For evidence, she points to the number of area colleges now led by women; in addition to the women’s schools, Springfield College, Holyoke Community College, Greenfield Community College, and Berkshire Community College all have a woman in the president’s office. And also to the number of businesses and nonprofits, as well as many new business ventures, being led by women.

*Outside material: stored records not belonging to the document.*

lemma funpow_gen_step: "(gen_step g ^^ t) x = x @ CoT t g x"
proof (induction t)
  case (Suc t)
  have "(gen_step g ^^ Suc t) x = (x @ CoT t g x) @ [g (x @ CoT t g x)]"
    by (simp add: Suc.IH gen_step_def)
  then show ?case by (simp add: CoT_Suc_e2e e2e_Suc Suc.IH)
qed (simp add: CoT_def)

lemma CoT_Suc: "CoT (Suc t) g x = CoT t g x @ [g (x @ CoT t g x)]"
  by (simp add: CoT_Suc_e2e e2e_Suc funpow_gen_step)

lemma length_CoT [simp]: "length (CoT T g x) = T"
  by (simp add: CoT_def)

lemma last_CoT: "1 \<le> T \<Longrightarrow> last (CoT T g x) = e2e T g x"
  by (cases T) (auto simp: CoT_Suc_e2e)

lemma CoT_eq_iff:
  "length z = T \<Longrightarrow> CoT T g x = z \<longleftrightarrow> (\<forall>t<T. g (x @ take t z) = z ! t)"
proof (induction T arbitrary: z)
  case 0
  then show ?case by (simp add: CoT_def)
next
  case (Suc T)
  then obtain z' a where z: "z = z' @ [a]" and z': "length z' = T"
    by (metis length_Suc_conv_rev)
  have "CoT (Suc T) g x = z \<longleftrightarrow> CoT T g x = z' \<and> g (x @ z') = a"
    by (auto simp: CoT_Suc z)
  also have "\<dots> \<longleftrightarrow> (\<forall>t<T. g (x @ take t z') = z' ! t) \<and> g (x @ z') = a"
    using Suc.IH[OF z'] by simp
  also have "\<dots> \<longleftrightarrow> (\<forall>t<Suc T. g (x @ take t z) = z ! t)"
    using z z' by (auto simp: less_Suc_eq nth_append)
  finally show ?case .
qed

definition cot_prefixes :: "(bool list \<times> bool list) set \<Rightarrow> nat \<Rightarrow> bool list set" where
  "cot_prefixes S T = (\<lambda>((x, z), t). x @ take t z) ` (S \<times> {..<T})"

lemma card_cot_prefixes_le: "finite S \<Longrightarrow> card (cot_prefixes S T) \<le> card S * T"
  unfolding cot_prefixes_def
  by (metis card_cartesian_product card_image_le card_lessThan finite_SigmaI finite_lessThan)

lemma CoT_eq_iff_cot_prefixes:
  assumes "(x, z) \<in> S" "S \<subseteq> UNIV \<times> {z. length z = T}"
  shows "CoT T f x = z \<longleftrightarrow> (\<forall>t<T. (x @ take t z \<in> {q \<in> cot_prefixes S T. f q}) = z ! t)"
proof -
  have "x @ take t z \<in> cot_prefixes S T" if "t < T" for t
    unfolding cot_prefixes_def using assms(1) that by force
  then show ?thesis
    using CoT_eq_iff[of z T f x] assms by auto
qed

text \<open>On \<open>S\<close>, the loss of \<open>\<kappa>\<close> thinkers only depends on their traces on \<open>cot_prefixes S T\<close>.\<close>
lemma two_pow_card_le_card_traces_pow:
  assumes "finite S" "S \<subseteq> UNIV \<times> {z. length z = T}" "shatters (loss_class T F \<kappa>) S"
  shows "2 ^ card S \<le> card (traces F (cot_prefixes S T)) ^ \<kappa>"
proof -
  define Q where "Q = cot_prefixes S T"
  define loss_on_S where
    "loss_on_S = (\<lambda>v. {(x, z) \<in> S. \<forall>i<\<kappa>. \<not> (\<forall>t<T. (x @ take t z \<in> v i) = z ! t)})"
  have "Pow S \<subseteq> loss_on_S ` (PiE {..<\<kappa>} (\<lambda>_. traces F Q))"
  proof
    fix B assume "B \<in> Pow S"
    then obtain h where "h \<in> loss_class T F \<kappa>" and h: "\<forall>s\<in>S. h s \<longleftrightarrow> s \<in> B"
      using assms(3) unfolding shatters_def by blast
    then obtain g where g: "\<forall>i<\<kappa>. g i \<in> F" and h_def: "h = (\<lambda>(x, z). \<forall>i<\<kappa>. CoT T (g i) x \<noteq> z)"
      unfolding loss_class_def by blast
    define v where "v = restrict (\<lambda>i. {q\<in>Q. g i q}) {..<\<kappa>}"
    have "B = loss_on_S v"
    proof (intro set_eqI)
      fix s
      show "s \<in> B \<longleftrightarrow> s \<in> loss_on_S v"
      proof (cases "s \<in> S")
        case True
        obtain x z where s: "s = (x, z)" by fastforce
        have "(\<forall>i<\<kappa>. CoT T (g i) x \<noteq> z) \<longleftrightarrow>
            (\<forall>i<\<kappa>. \<not> (\<forall>t<T. (x @ take t z \<in> v i) = z ! t))"
          using CoT_eq_iff_cot_prefixes[of x z S T] True s assms(2) by (simp add: v_def Q_def)
        then show ?thesis using h True s by (auto simp: loss_on_S_def h_def)
      next
        case False
        then show ?thesis using \<open>B \<in> Pow S\<close> by (auto simp: loss_on_S_def)
      qed
    qed
    moreover have "v \<in> PiE {..<\<kappa>} (\<lambda>_. traces F Q)" using g by (auto simp: v_def traces_def)
    ultimately show "B \<in> loss_on_S ` (PiE {..<\<kappa>} (\<lambda>_. traces F Q))" by blast
  qed
  moreover have fin: "finite (PiE {..<\<kappa>} (\<lambda>_. traces F Q))"
    using assms(1) by (simp add: finite_PiE finite_traces Q_def cot_prefixes_def)
  ultimately have "card (Pow S) \<le> card (loss_on_S ` (PiE {..<\<kappa>} (\<lambda>_. traces F Q)))"
    by (intro card_mono) auto
  also have "\<dots> \<le> card (PiE {..<\<kappa>} (\<lambda>_. traces F Q))" using fin by (rule card_image_le)
  finally show ?thesis using assms(1) by (simp add: card_Pow card_PiE Q_def)
qed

‘When you look at the number of women leaders in this valley … it wasn’t this way 20 or 30 years ago; there’s been a real concentration of effort to promote women,” she explained. “Between women college presidents, not-for-profit CEOs, and for-profit CEOs, this is a very different place.”

Bottom Line

Fuller Doherty has had a lot to do with this region becoming that different place.

Over the years, she’s been a business owner, trusted consultant, mentor, role model, advocate for women, and cheerleader of sorts for the Pioneer Valley. And with most all of those titles, we can and do still use the present tense, which is a good thing for this region.

The headline placed over that aforementioned New York Times article from a decade ago read, “When She’s Ready to Retire, She’ll Know It.” Fuller Doherty may have retired from the MSBDC, but she hasn’t retired from being active in this region or from motivating and helping others to fulfill their specific dreams.

In short, she hasn’t retired from being a Difference Maker.